We know that $\sum_{i=0}^{n} \alpha^i = \frac{1-\alpha^{(n+1)}}{1-\alpha} $, so we perform element-wise operations as:

In [10]:
begin = time.time()
n_samples = 100000
alpha = 0.5
# write your code here
cumsum = 1+(1.0-0.5**(np.arange(n_samples)+1)/0.5)

print(cumsum)
end = time.time()

time3 = end-begin

print("Time took to run: {} seconds.".format(time3))

[1.   1.5  1.75 ... 2.   2.   2.  ]
Time took to run: 0.0021517276763916016 seconds.


In [11]:
time0/time3

165378.08853185596

### Question 2 (30 points) Monte Carlo 

Monte Carlo is a city in Monacco where the famous Monte Carlo casino is located.

![casino](http://www.casinomontecarlo.com/wp-content/uploads/2017/06/casino-de-monte-carlo-1100x358.jpg)

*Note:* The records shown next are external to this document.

lemma symmetric_pairing_collinear_combination:
  fixes u v :: "'x \<Rightarrow> 'a::euclidean_space"
  assumes fin: "finite C" and w: "\<And>X. X \<in> C \<Longrightarrow> 0 < w X" and nz: "\<exists>X\<in>C. u X \<noteq> 0"
    and sym: "\<And>y z. (\<Sum>X\<in>C. w X * (u X \<bullet> y) * (v X \<bullet> z))
                    = (\<Sum>X\<in>C. w X * (u X \<bullet> z) * (v X \<bullet> y))"
  shows "\<exists>c \<mu>. (\<Sum>X\<in>C. c X *\<^sub>R u X) \<noteq> 0
           \<and> (\<Sum>X\<in>C. c X *\<^sub>R v X) = \<mu> *\<^sub>R (\<Sum>X\<in>C. c X *\<^sub>R u X)"
proof -
  define G where "G y z = (\<Sum>X\<in>C. w X * (u X \<bullet> y) * (u X \<bullet> z))" for y z
  define N where "N y z = (\<Sum>X\<in>C. w X * (u X \<bullet> y) * (v X \<bullet> z))" for y z
  define U where "U = span (u ` C)"
  have G_bilinear: "bilinear G" and N_bilinear: "bilinear N"
    unfolding G_def N_def by (fact bilinear_weighted_inner_products)+
  have G_sym: "G y z = G z y" for y z
    unfolding G_def by (simp add: mult_ac)
  have N_sym: "N y z = N z y" for y z
    unfolding N_def by (rule sym)
  have U_perp: "G x y = 0" "N y x = 0" if "\<And>X. X \<in> C \<Longrightarrow> u X \<bullet> y = 0" for x y
    using that by (simp_all add: G_def N_def)
  have G_pos: "0 < G z z" if "z \<in> U" "z \<noteq> 0" for z
  proof -
    have "0 \<le> G z z" unfolding G_def
      using w by (intro sum_nonneg) (simp add: mult.assoc less_imp_le)
    moreover have "G z z \<noteq> 0"
    proof
      assume "G z z = 0"
      then have "\<forall>X\<in>C. w X * (u X \<bullet> z) * (u X \<bullet> z) = 0"
        unfolding G_def using w fin
        by (subst (asm) sum_nonneg_eq_0_iff) (auto simp: mult.assoc less_imp_le)
      then have "\<forall>X\<in>C. u X \<bullet> z = 0"
        using w by fastforce
      then have "orthogonal z z"
        using \<open>z \<in> U\<close> unfolding U_def
        by (intro orthogonal_to_span[of z "u ` C" z]) (auto simp: orthogonal_def inner_commute)
      then show False using \<open>z \<noteq> 0\<close> by (simp add: orthogonal_def)
    qed
    ultimately show ?thesis by linarith
  qed
  have "U \<noteq> {0}"
    using nz unfolding U_def by (auto intro: span_base)
  then obtain z \<mu> where z: "z \<in> U" "z \<noteq> 0" and eigen: "\<And>y. y \<in> U \<Longrightarrow> N z y = \<mu> * G z y"
    using bilinear_generalized_eigenvector[OF G_bilinear G_sym N_bilinear N_sym subspace_span]
      G_pos unfolding U_def by metis
  have eigen_all: "N z y = \<mu> * G z y" for y
  proof -
    obtain y1 y2 where y1: "y1 \<in> U" and y2: "\<And>x. x \<in> U \<Longrightarrow> orthogonal y2 x" and "y = y1 + y2"
      using orthogonal_subspace_decomp_exists[of "u ` C" y] unfolding U_def by blast
    have "\<And>X. X \<in> C \<Longrightarrow> u X \<bullet> y2 = 0"
      using y2 unfolding U_def orthogonal_def by (metis imageI inner_commute span_base)
    then have "G z y2 = 0" "N z y2 = 0"
      using U_perp N_sym by auto
    then show ?thesis
      using eigen[OF y1] \<open>y = y1 + y2\<close>
      by (simp add: bilinear_radd[OF G_bilinear] bilinear_radd[OF N_bilinear])
  qed
  define c where "c X = w X * (u X \<bullet> z)" for X
  define g where "g = (\<Sum>X\<in>C. c X *\<^sub>R u X)"
  define h where "h = (\<Sum>X\<in>C. c X *\<^sub>R v X)"
  have g_inner: "g \<bullet> y = G z y" and h_inner: "h \<bullet> y = N z y" for y
    by (simp_all add: g_def h_def G_def N_def c_def inner_sum_left)
  have "(h - \<mu> *\<^sub>R g) \<bullet> y = 0" for y
    by (simp add: inner_diff_left g_inner h_inner eigen_all)
  then have "h = \<mu> *\<^sub>R g"
    by (metis eq_iff_diff_eq_0 inner_eq_zero_iff)
  moreover have "g \<noteq> 0"
    using G_pos[OF z] g_inner[of z] by auto
  ultimately show ?thesis
    unfolding g_def h_def by blast
qed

In light of this, Monte Carlo methods (or Monte Carlo experiments) are a broad class of computational algorithms that rely on repeated random sampling to obtain numerical results. Their essential idea is using randomness to solve problems that might be deterministic in principle. They are often used in physical and mathematical problems and are most useful when it is difficult or impossible to use other approaches. Monte Carlo methods are mainly used in three problem classes: optimization, numerical integration, and generating draws from a probability distribution.

**Estimate the Pi**

In order to estimate the $\pi$, the idea is to simulate random (x, y) points in a 2-D plane with domain as a square of side 1 unit. Imagine a circle inside the same domain with same diameter and inscribed into the square. We can generate a large number of uniformly distributed random points and plot them on the graph. These points can be in any position within the square i.e. between (0,0) and (1,1). We keep track of the total number of points, and the number of points that are inside the circle. If we divide the number of points within the circle, $N_{inner}$ by the total number of points, $N_{total}$, we should get a value that is an approximation of the ratio of the areas we calculated above, $\pi/4$.

Write a function `approximate_pi` with argument `number_simulations` to approximate the Pi value using Monte Carlo simulations. You may consider to use `numpy.random` to make random draws. 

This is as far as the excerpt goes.